Who are the players in the stock market?

Investors are the ones who buy and sell securities in the hope of receiving dividend income and making a profit through capital appreciation. These buyers and sellers are not the only players in the stock market. Other persons or institutions ensure that the stock market is a readily accessible, efficient, orderly and transparent market.

Stockbroker
Anyone who wishes to buy shares of stocks or bonds must have a stockbroker. He acts as an agent or middleman between the investor and other buyers/sellers. As an intermediary, the stockbroker executes orders for clients, purchasing or selling the stocks on the stock exchange.

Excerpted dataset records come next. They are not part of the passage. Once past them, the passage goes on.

lemma classical_closed_upper: "classical R \<Longrightarrow> z \<in> ZZ \<Longrightarrow> closed {x \<in> ZZ. R z x}"
  unfolding classical_def by blast

lemma strictP_trans_weak_right: "classical R \<Longrightarrow> strictP R a b \<Longrightarrow> R b c \<Longrightarrow> strictP R a c"
  unfolding strictP_def by (meson classical_trans)

lemma strictP_trans_weak_left: "classical R \<Longrightarrow> R a b \<Longrightarrow> strictP R b c \<Longrightarrow> strictP R a c"
  unfolding strictP_def by (meson classical_trans)

lemma classical_dominance_strict:
  assumes R: "classical R" and x: "x \<in> ZZ" and y: "y \<in> ZZ"
    and le: "fst x \<le> fst y" "snd y \<le> snd x" and "x \<noteq> y"
  shows "strictP R x y"
proof -
  obtain tx qx ty qy where xy: "x = (tx, qx)" "y = (ty, qy)" by (cases x, cases y)
  have corner: "(tx, qy) \<in> ZZ" using x y unfolding xy mem_ZZ_iff by auto
  have quality: "strictP R x (tx, qy)" if "qy < qx"
    using classical_strict_quality[OF R corner] x that xy by auto
  have money: "strictP R (tx, qy) y" if "tx < ty"
    using classical_strict_money[OF R corner] y that xy by auto
  consider "qy < qx" "tx < ty" | "qy < qx" "tx = ty" | "qy = qx" "tx < ty"
    using le \<open>x \<noteq> y\<close> unfolding xy by fastforce
  then show ?thesis
  proof cases
    case 1
    then show ?thesis using quality money strictP_trans_weak_right[OF R] unfolding strictP_def by blast
  next
    case 2
    then show ?thesis using quality xy by simp
  next
    case 3
    then show ?thesis using money xy by simp
  qed
qed

lemma classical_dominance:
  assumes R: "classical R" and x: "x \<in> ZZ" and y: "y \<in> ZZ"
    and "fst x \<le> fst y" "snd y \<le> snd x"
  shows "R x y"
  using classical_dominance_strict[OF assms] classical_refl[OF R x] unfolding strictP_def
  by (cases "x = y") auto

lemma classical_same_quality_le:
  assumes R: "classical R" and "(t, q) \<in> ZZ" "(t', q) \<in> ZZ" and "R (t, q) (t', q)"
  shows "t \<le> t'"
  using classical_strict_money[OF R assms(3,2)] assms(4) unfolding strictP_def by force

lemma classical_ordered_or_equal:
  assumes R1: "classical R1" and R2: "classical R2" and x1: "x1 \<in> ZZ" and x2: "x2 \<in> ZZ"
    and "R1 x1 x2" "R2 x2 x1"
  shows "x1 = x2 \<or> bless x1 x2 \<or> bless x2 x1"
proof (rule ccontr)
  assume n: "\<not> (x1 = x2 \<or> bless x1 x2 \<or> bless x2 x1)"
  then consider "fst x1 \<le> fst x2" "snd x2 \<le> snd x1" | "fst x2 \<le> fst x1" "snd x1 \<le> snd x2"
    unfolding bless_def by linarith
  then show False
    using classical_dominance_strict[OF R2 x1 x2] classical_dominance_strict[OF R1 x2 x1] n assms(5,6)
    unfolding strictP_def by cases auto
qed

lemma strictP_stable_right:
  assumes R: "classical R" and a: "a \<in> ZZ" and "strictP R a y"
  shows "\<exists>e>0. \<forall>y'\<in>ZZ. dist y' y < e \<longrightarrow> strictP R a y'"
proof -
  have "open (- {x \<in> ZZ. R x a})" using classical_closed_lower[OF R a] by auto
  moreover have "y \<in> - {x \<in> ZZ. R x a}" using assms(3) unfolding strictP_def by auto
  ultimately obtain e where e: "e > 0" "ball y e \<subseteq> - {x \<in> ZZ. R x a}"
    unfolding open_contains_ball by blast
  have "strictP R a y'" if "y' \<in> ZZ" "dist y' y < e" for y'
  proof -
    have "\<not> R y' a" using e(2) that by (auto simp: dist_commute)
    then show ?thesis using classical_total[OF R a that(1)] unfolding strictP_def by auto
  qed
  then show ?thesis using e(1) by blast
qed

lemma strictP_stable_left:
  assumes R: "classical R" and a: "a \<in> ZZ" and "strictP R y a"
  shows "\<exists>e>0. \<forall>y'\<in>ZZ. dist y' y < e \<longrightarrow> strictP R y' a"
proof -
  have "open (- {x \<in> ZZ. R a x})" using classical_closed_upper[OF R a] by auto
  moreover have "y \<in> - {x \<in> ZZ. R a x}" using assms(3) unfolding strictP_def by auto
  ultimately obtain e where e: "e > 0" "ball y e \<subseteq> - {x \<in> ZZ. R a x}"
    unfolding open_contains_ball by blast
  have "strictP R y' a" if "y' \<in> ZZ" "dist y' y < e" for y'
  proof -
    have "\<not> R a y'" using e(2) that by (auto simp: dist_commute)
    then show ?thesis using classical_total[OF R a that(1)] unfolding strictP_def by auto
  qed
  then show ?thesis using e(1) by blast
qed

lemma classical_indiff_between_money:
  assumes R: "classical R" and r: "r \<in> ZZ" and "0 \<le> a" "a \<le> b" "0 \<le> q" "q \<le> 1"
    and "R (a, q) r" "R r (b, q)"
  shows "\<exists>t. a \<le> t \<and> t \<le> b \<and> indiff R (t, q) r"
proof -
  let ?line = "\<lambda>t::real. (t, q)"
  define E1 where "E1 = ?line -` {x \<in> ZZ. R x r}"
  define E2 where "E2 = ?line -` {x \<in> ZZ. R r x}"
  have "closed E1" "closed E2" unfolding E1_def E2_def
    by (intro continuous_closed_vimage classical_closed_lower classical_closed_upper R r
          continuous_intros)+
  moreover have "{a..b} \<subseteq> E1 \<union> E2"
  proof
    fix t assume "t \<in> {a..b}"
    then have "(t, q) \<in> ZZ" using assms(3-6) by (auto simp: mem_ZZ_iff)
    then show "t \<in> E1 \<union> E2" using classical_total[OF R _ r] unfolding E1_def E2_def by auto
  qed
  moreover have "a \<in> E1 \<inter> {a..b}" "b \<in> E2 \<inter> {a..b}"
    using assms(4,7,8) classical_ZZ[OF R] unfolding E1_def E2_def by auto
  ultimately have "E1 \<inter> E2 \<inter> {a..b} \<noteq> {}"
    using connected_closedD[OF connected_Icc] by blast
  then show ?thesis unfolding E1_def E2_def indiff_def by auto
qed

lemma classical_indiff_at_quality:
  assumes R: "classical R" and r: "r \<in> ZZ" and p: "p \<in> ZZ" and "R p r"
    and "snd p \<le> q" "q \<le> snd r"
  shows "\<exists>t. 0 \<le> t \<and> t \<le> fst r \<and> indiff R (t, q) r"
proof -
  have Z: "(0, q) \<in> ZZ" "(fst r, q) \<in> ZZ" using p r assms(5,6) by (auto simp: mem_ZZ_iff)
  have "R (0, q) r"
    using classical_trans[OF R classical_dominance[OF R Z(1) p] \<open>R p r\<close>] p assms(5)
    by (auto simp: mem_ZZ_iff)
  moreover have "R r (fst r, q)" using classical_dominance[OF R r Z(2)] assms(6) by auto
  ultimately show ?thesis
    using classical_indiff_between_money[OF R r] Z by (auto simp: mem_ZZ_iff)
qed

lemma single_crossing_sym: "single_crossing A B \<Longrightarrow> single_crossing B A"
  unfolding single_crossing_def by blast

lemma single_crossing_indiff_unique:
  assumes "single_crossing A B" and A: "classical A" and B: "classical B"
    and "p \<in> ZZ" and r: "r \<in> ZZ" and "indiff A p r" "indiff B p r"
  shows "p = r"
  using assms classical_refl[OF A r] classical_refl[OF B r]
  unfolding single_crossing_def indiff_def by blast

lemma single_crossing_same_quality:
  assumes A: "classical A" and B: "classical B" and SC: "single_crossing A B" and r: "r \<in> ZZ"
    and t1: "(t1, q) \<in> ZZ" "A (t1, q) r" "B r (t1, q)"
    and t2: "(t2, q) \<in> ZZ" "B (t2, q) r" "A r (t2, q)"
  shows "(t1, q) = r"
proof -
  have "t1 \<le> t2" using classical_same_quality_le[OF A t1(1) t2(1)] classical_trans[OF A t1(2) t2(3)] .
  moreover have "t2 \<le> t1"
    using classical_same_quality_le[OF B t2(1) t1(1)] classical_trans[OF B t2(2) t1(3)] .
  ultimately have "indiff A (t1, q) r" "indiff B (t1, q) r" using t1 t2 unfolding indiff_def by auto
  then show ?thesis using single_crossing_indiff_unique[OF SC A B t1(1) r] by blast
qed

text \<open>On every quality level between the two witnesses one of A, B has a bundle indifferent
  to r; the levels where this bundle is ranked above r by the other preference and those
  where it is ranked below are closed, cover an interval and, by single crossing, are disjoint.\<close>

lemma no_opposite_crossings_at:
  assumes A: "classical A" and B: "classical B" and SC: "single_crossing A B" and r: "r \<in> ZZ"
    and p1: "p1 \<in> ZZ" "bless p1 r" "A p1 r" "B r p1"
    and p2: "p2 \<in> ZZ" "bless p2 r" "B p2 r" "A r p2"
  shows False
proof -
  define lo where "lo = min (snd p1) (snd p2)"
  define hi where "hi = max (snd p1) (snd p2)"
  have hi: "hi < snd r" using p1 p2 unfolding hi_def bless_def by auto
  define K where "K = cbox (0, lo) (fst r, hi)"
  define C where "C X Y = snd ` (K \<inter> {x \<in> ZZ. X x r} \<inter> {x \<in> ZZ. Y r x})" for X Y :: pref
  have closed_C: "closed (C X Y)" if "classical X" "classical Y" for X Y
    unfolding C_def K_def
    by (intro compact_imp_closed compact_continuous_image continuous_on_snd continuous_on_id
          compact_Int_closed compact_cbox classical_closed_lower classical_closed_upper that r)
  have in_K: "(t, q) \<in> K" if "0 \<le> t" "t \<le> fst r" "lo \<le> q" "q \<le> hi" for t q
    using that unfolding K_def by (simp add: cbox_Pair_eq)
  have level_in_C: "q \<in> C X Y \<union> C Y X"
    if "classical Y" "indiff X (t, q) r" "(t, q) \<in> ZZ" "(t, q) \<in> K" for X Y t q
    using classical_total[OF that(1,3) r] that(2-4) unfolding C_def indiff_def by force
  have cover: "{lo..hi} \<subseteq> C A B \<union> C B A"
  proof
    fix q assume q: "q \<in> {lo..hi}"
    then have "q \<le> snd r" using hi by simp
    consider "snd p1 \<le> q" | "snd p2 \<le> q" using q unfolding lo_def by (auto simp: min_le_iff_disj)
    then show "q \<in> C A B \<union> C B A"
    proof cases
      case 1
      then obtain t where "0 \<le> t" "t \<le> fst r" "indiff A (t, q) r"
        using classical_indiff_at_quality[OF A r p1(1,3)] \<open>q \<le> snd r\<close> by blast
      moreover have "(t, q) \<in> ZZ" using \<open>indiff A (t, q) r\<close> classical_ZZ[OF A]
        unfolding indiff_def by blast
      ultimately show ?thesis using level_in_C[OF B, of A t q] in_K q by auto
    next
      case 2
      then obtain t where "0 \<le> t" "t \<le> fst r" "indiff B (t, q) r"
        using classical_indiff_at_quality[OF B r p2(1,3)] \<open>q \<le> snd r\<close> by blast
      moreover have "(t, q) \<in> ZZ" using \<open>indiff B (t, q) r\<close> classical_ZZ[OF B]
        unfolding indiff_def by blast
      ultimately show ?thesis using level_in_C[OF A, of B t q] in_K q by auto
    qed
  qed
  have disjoint: "C A B \<inter> C B A \<inter> {lo..hi} = {}"
    using single_crossing_same_quality[OF A B SC r] hi unfolding C_def by fastforce
  have "snd p1 \<in> C A B \<inter> {lo..hi}" "snd p2 \<in> C B A \<inter> {lo..hi}"
    using p1 p2 in_K[of "fst p1" "snd p1"] in_K[of "fst p2" "snd p2"]
    unfolding C_def lo_def hi_def bless_def mem_ZZ_iff by force+
  then show False
    using connected_closedD[OF connected_Icc disjoint cover closed_C[OF A B] closed_C[OF B A]] by auto
qed

definition ZZ_pos :: "bndl set" where
  "ZZ_pos = {0<..} \<times> {0<..1}"

lemma ZZ_pos_subset: "ZZ_pos \<subseteq> ZZ"
  unfolding ZZ_pos_def ZZ_def by auto

lemma connected_ZZ_pos: "connected ZZ_pos"
  unfolding ZZ_pos_def by (intro convex_connected convex_Times convex_real_interval)

lemma bless_imp_ZZ_pos: "p \<in> ZZ \<Longrightarrow> bless p r \<Longrightarrow> snd r \<le> 1 \<Longrightarrow> r \<in> ZZ_pos"
  unfolding ZZ_pos_def bless_def mem_ZZ_iff by (cases r) auto

lemma indiff_strictly_below:
  assumes A: "classical A" and r: "r \<in> ZZ_pos"
  shows "\<exists>t q. 0 < t \<and> t < fst r \<and> 0 \<le> q \<and> q < snd r \<and> indiff A (t, q) r"
proof -
  have rZ: "r \<in> ZZ" using r ZZ_pos_subset by blast
  have r1: "0 < fst r" "0 < snd r" "snd r \<le> 1" using r unfolding ZZ_pos_def by auto
  have "strictP A (0, snd r) r"
    using classical_strict_money[OF A, of 0 "snd r" "fst r"] rZ r1 by (simp add: mem_ZZ_iff)
  then obtain e where e: "e > 0" "\<forall>y'\<in>ZZ. dist y' (0, snd r) < e \<longrightarrow> strictP A y' r"
    using strictP_stable_left[OF A rZ] by blast
  define q where "q = max 0 (snd r - e/2)"
  have q: "0 \<le> q" "q < snd r" using e r1 unfolding q_def by auto
  have Z: "(0, q) \<in> ZZ" "(fst r, q) \<in> ZZ" using q r1 by (auto simp: mem_ZZ_iff)
  have "dist (0::real, q) (0, snd r) < e"
    using e r1 unfolding q_def by (simp add: dist_Pair_Pair dist_real_def)
  then have s0: "strictP A (0, q) r" using e(2) Z by blast
  have s1: "strictP A r (fst r, q)"
    using classical_strict_quality[OF A Z(2), of "snd r"] rZ q by (cases r) auto
  obtain t where t: "0 \<le> t" "t \<le> fst r" "indiff A (t, q) r"
    using classical_indiff_between_money[OF A rZ order_refl _ q(1), of "fst r"] s0 s1 r1 q
    unfolding strictP_def by auto
  have "t \<noteq> 0" "t \<noteq> fst r" using t(3) s0 s1 unfolding indiff_def strictP_def by auto
  then show ?thesis using t q by (intro exI[of _ t] exI[of _ q]) auto
qed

He is the only person or corporation authorized and licensed by the Securities and Exchange Commission to trade in securities. They are commonly known as members, member-brokers, or member-firms of the Philippine Stock Exchange.

Stock exchange
This is the organization that oversees the transactions of the buyers and sellers placed through the member-brokers. Its professional management ensures that the market is efficient, fair, transparent and orderly by enforcing its rules and regulations.

Transfer agent
When shares are purchased and transferred from the seller to the buyer, the transaction should be recorded in the stock books of every listed company which record the complete shareholdings of each stockholder of the company. But most companies have his record keeping done by a separate agency, called the transfer agent.

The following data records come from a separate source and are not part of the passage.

theorem lemma6p3:
  fixes T :: "real \<Rightarrow> 'a::{complex_normed_vector, banach} \<Rightarrow> 'a"
    and D :: "'a set" and L :: "'a \<Rightarrow> 'a"
    and M :: "'a \<Rightarrow> 'a"
    and P :: "nat \<Rightarrow> 'a \<Rightarrow> 'a" and lam :: "nat \<Rightarrow> complex"
    and J :: nat and \<delta> \<delta>' b :: real
  assumes sg: "c0_contraction_semigroup T"
    and gen: "is_generator T D L"
    and M_bop: "bop M" and M_contr: "onorm M \<le> 1"
    and spec: "\<exists>ct>0. \<forall>n\<ge>1. onorm (\<lambda>x. (M ^^ n) x - (\<Sum>j=1..J. scaleC (lam j ^ n) (P j x))) \<le> ct * \<delta> ^ n"
    and P_bop: "\<forall>j\<in>{1..J}. bop (P j)"
    and P_orth: "\<forall>j\<in>{1..J}. \<forall>k\<in>{1..J}. P j \<circ> P k = (if j = k then P j else (\<lambda>x. 0))"
    and lam_abs: "\<forall>j\<in>{1..J}. cmod (lam j) = 1"
    and \<delta>: "0 < \<delta>" "\<delta> < 1"
    and b: "b \<ge> 0"
    and dense_dom_ML: "closure D = UNIV"
    and bound_ML: "\<forall>x\<in>D. norm (M (L x)) \<le> b * norm x"
    and dense_dom_LP: "closure {x. (\<Sum>j=1..J. P j x) \<in> D} = UNIV"
    and bound_LP: "\<forall>x. (\<Sum>j=1..J. P j x) \<in> D \<longrightarrow> norm (L (\<Sum>j=1..J. P j x)) \<le> b * norm x"
    and P_norm: "\<forall>j\<in>{1..J}. onorm (P j) = 1"
    and PS_norm: "onorm (\<lambda>x. \<Sum>j=1..J. P j x) = 1"
    and \<delta>': "\<delta> < \<delta>'" "\<delta>' < 1"
  shows "\<exists>\<epsilon>1>0. \<exists>c2\<ge>0. \<forall>t::real. \<forall>n::nat.
           t \<ge> 0 \<and> n \<ge> 1 \<and> t \<le> real n * \<epsilon>1 \<longrightarrow>
           (let PS = (\<lambda>x. \<Sum>j=1..J. P j x);
                cp = onorm (\<lambda>x. x - PS x);
                Mt = M \<circ> T (t / real n)
            in onorm (\<lambda>x. (Mt ^^ n) x - ((PS \<circ> Mt \<circ> PS) ^^ n) x)
               \<le> c2 * \<delta>' ^ n + t * b / real n
                 + (1 / real n) * (t * b * cp * c2 * (2 + t * b * cp * c2) * (\<delta>' - \<delta>' ^ n) / (1 - \<delta>'))
                   * exp (2 * t * b * cp * c2))"
proof -
  define PS where "PS = (\<lambda>x. \<Sum>j=1..J. P j x)"
  obtain C where "0 \<le> C" and "bounded_linear PS" and "\<And>x. norm (PS x) \<le> norm x"
    and "\<And>y. PS (PS y) = PS y" and "\<And>y. PS (M (PS y)) = M (PS y)"
    and "onorm (\<lambda>x. x - PS x) = 0 \<or> 1 \<le> onorm (\<lambda>x. x - PS x)"
    and "\<And>n y. norm ((M ^^ n) y - (M ^^ n) (PS y)) \<le> C * onorm (\<lambda>x. x - PS x) * \<delta> ^ n * norm y"
    using spectral_projection_compression[OF M_bop M_contr spec P_bop P_orth lam_abs \<delta> _ PS_def] PS_norm PS_def
    by blast
  moreover have "bounded_linear M" and "norm (M x) \<le> norm x" for x
    using M_bop onorm_le_imp_norm_le[of M 1 x] M_contr by (simp_all add: bop_def)
  ultimately have "\<exists>c2\<ge>0. \<forall>t n. 0 \<le> t \<and> 1 \<le> n \<and> t \<le> real n \<longrightarrow>
    onorm (\<lambda>x. ((M \<circ> T (t / real n)) ^^ n) x - ((PS \<circ> (M \<circ> T (t / real n)) \<circ> PS) ^^ n) x)
      \<le> c2 * \<delta>' ^ n + t * b / real n
        + (1 / real n) * (t * b * onorm (\<lambda>x. x - PS x) * c2 * (2 + t * b * onorm (\<lambda>x. x - PS x) * c2)
          * (\<delta>' - \<delta>' ^ n) / (1 - \<delta>')) * exp (2 * t * b * onorm (\<lambda>x. x - PS x) * c2)"
    using \<delta> \<delta>' by (intro semigroup_compression_bound[OF sg gen _ _ bound_ML b dense_dom_ML]) auto
  then show ?thesis
    unfolding Let_def PS_def by (intro exI[of _ "1::real"]) auto
qed

end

Thus, when a transaction has been done, the details are kept in a ledger or record book by the companys transfer agent. As such, the transfer agents maintains the ledgers for each issuer company showing the name and address of, and the number of shares held by each registered stockholder.

Another function of a transfer agent, which is either a commercial bank or trust company, is to cancel old certificates, issue new certificates and change the name of the certificates into the buyers name when the shares have been sold.

Clearing House
When a transaction has been made, the seller through his stockbroker has to deliver the stock certificate to the buyer who in turn orders his stockbroker to pay for the shares purchased.

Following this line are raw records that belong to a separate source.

lemma integral_gamma_distr_ln_one_plus_le_powr:
  assumes k: "k > 0" and s: "s > 0" and a: "a > 0" and t: "0 < t" "t \<le> 1" "t < k"
  shows "(\<integral>h. ln (1 + a * h) \<partial>gamma_distr k s)
           \<le> ln (1 + a * (s * exp (Digamma k))) + (a * s) powr - t * Gamma (k - t) / Gamma k / t"
proof -
  let ?M = "gamma_distr k s"
  interpret prob_space ?M
    by (rule prob_space_gamma_distr[OF k s])
  have kt: "k + - t > 0"
    using t by simp
  have "(\<integral>h. ln (1 + a * h) \<partial>?M) \<le> (\<integral>h. ln a + ln h + a powr - t * h powr - t / t \<partial>?M)"
  proof (rule integral_mono_AE)
    show "integrable ?M (\<lambda>h. ln (1 + a * h))"
      using integrable_gamma_distr_ln_one_plus[OF k s] a by simp
    show "integrable ?M (\<lambda>h. ln a + ln h + a powr - t * h powr - t / t)"
      using integrable_gamma_distr_ln[OF k s] integrable_gamma_distr_powr[OF k s kt] by simp
    show "AE h in ?M. ln (1 + a * h) \<le> ln a + ln h + a powr - t * h powr - t / t"
      using AE_gamma_distr_pos[of k s]
    proof eventually_elim
      case (elim h)
      have ah: "a * h > 0"
        using a elim by simp
      have "1 + 1 / (a * h) > 0"
        using ah by (simp add: add_pos_pos)
      then have "ln (a * h) + ln (1 + 1 / (a * h)) = ln (a * h * (1 + 1 / (a * h)))"
        using ah by (simp add: ln_mult)
      also have "a * h * (1 + 1 / (a * h)) = 1 + a * h"
        using a elim by (simp add: field_simps)
      finally have "ln (1 + a * h) = ln (a * h) + ln (1 + 1 / (a * h))"
        by simp
      moreover have "ln (1 + 1 / (a * h)) \<le> (1 / (a * h)) powr t / t"
        using ah t by (intro ln_one_plus_le_powr_div) simp_all
      moreover have "(1 / (a * h)) powr t = a powr - t * h powr - t"
        using a elim by (simp add: powr_minus_divide powr_mult powr_divide)
      ultimately show ?case
        using a elim by (simp add: ln_mult)
    qed
  qed
  also have "\<dots> = ln (a * (s * exp (Digamma k))) + (a * s) powr - t * Gamma (k - t) / Gamma k / t"
    using integrable_gamma_distr_ln[OF k s] integrable_gamma_distr_powr[OF k s kt]
      integral_gamma_distr_ln[OF k s] integral_gamma_distr_powr[OF k s kt] a s
    by (simp add: prob_space ln_mult powr_mult)
  also have "ln (a * (s * exp (Digamma k))) \<le> ln (1 + a * (s * exp (Digamma k)))"
    using a s by (subst ln_le_cancel_iff) (auto intro: add_pos_pos)
  finally show ?thesis
    by simp
qed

This seems to be an easy process. But considering the thousands of transactions executed everyday and the nearly 200 stockbrokers involved, broker-to-broker payments and delivery of certificates would become complicated. To facilitate transactions and make the market more orderly, all payments by all stockbrokers are done to a centralized institution, called the clearinghouse.

Thus, all stockbrokers will make payments to and receive payments from the clearinghouse for purchases and sales they have made for their clients. At the same time, all stock certificates will be delivered to and obtained from this central institution.

Listed Company
A corporation that offers and lists its shares in the stock exchange is called a listed company or issuer. A listed company is also known as a publicly owned company in view of the fact that its shares were sold to the investing public.

These are the companies that raised their required funds through such issuance of securities to the public. The capital raised provides the company with the necessary funds to be invested in business facilities and equipment.

An issuing company becomes a listed company, whose shares are traded in the stock market, after it has met the strict listing requirements imposed by the stock exchange.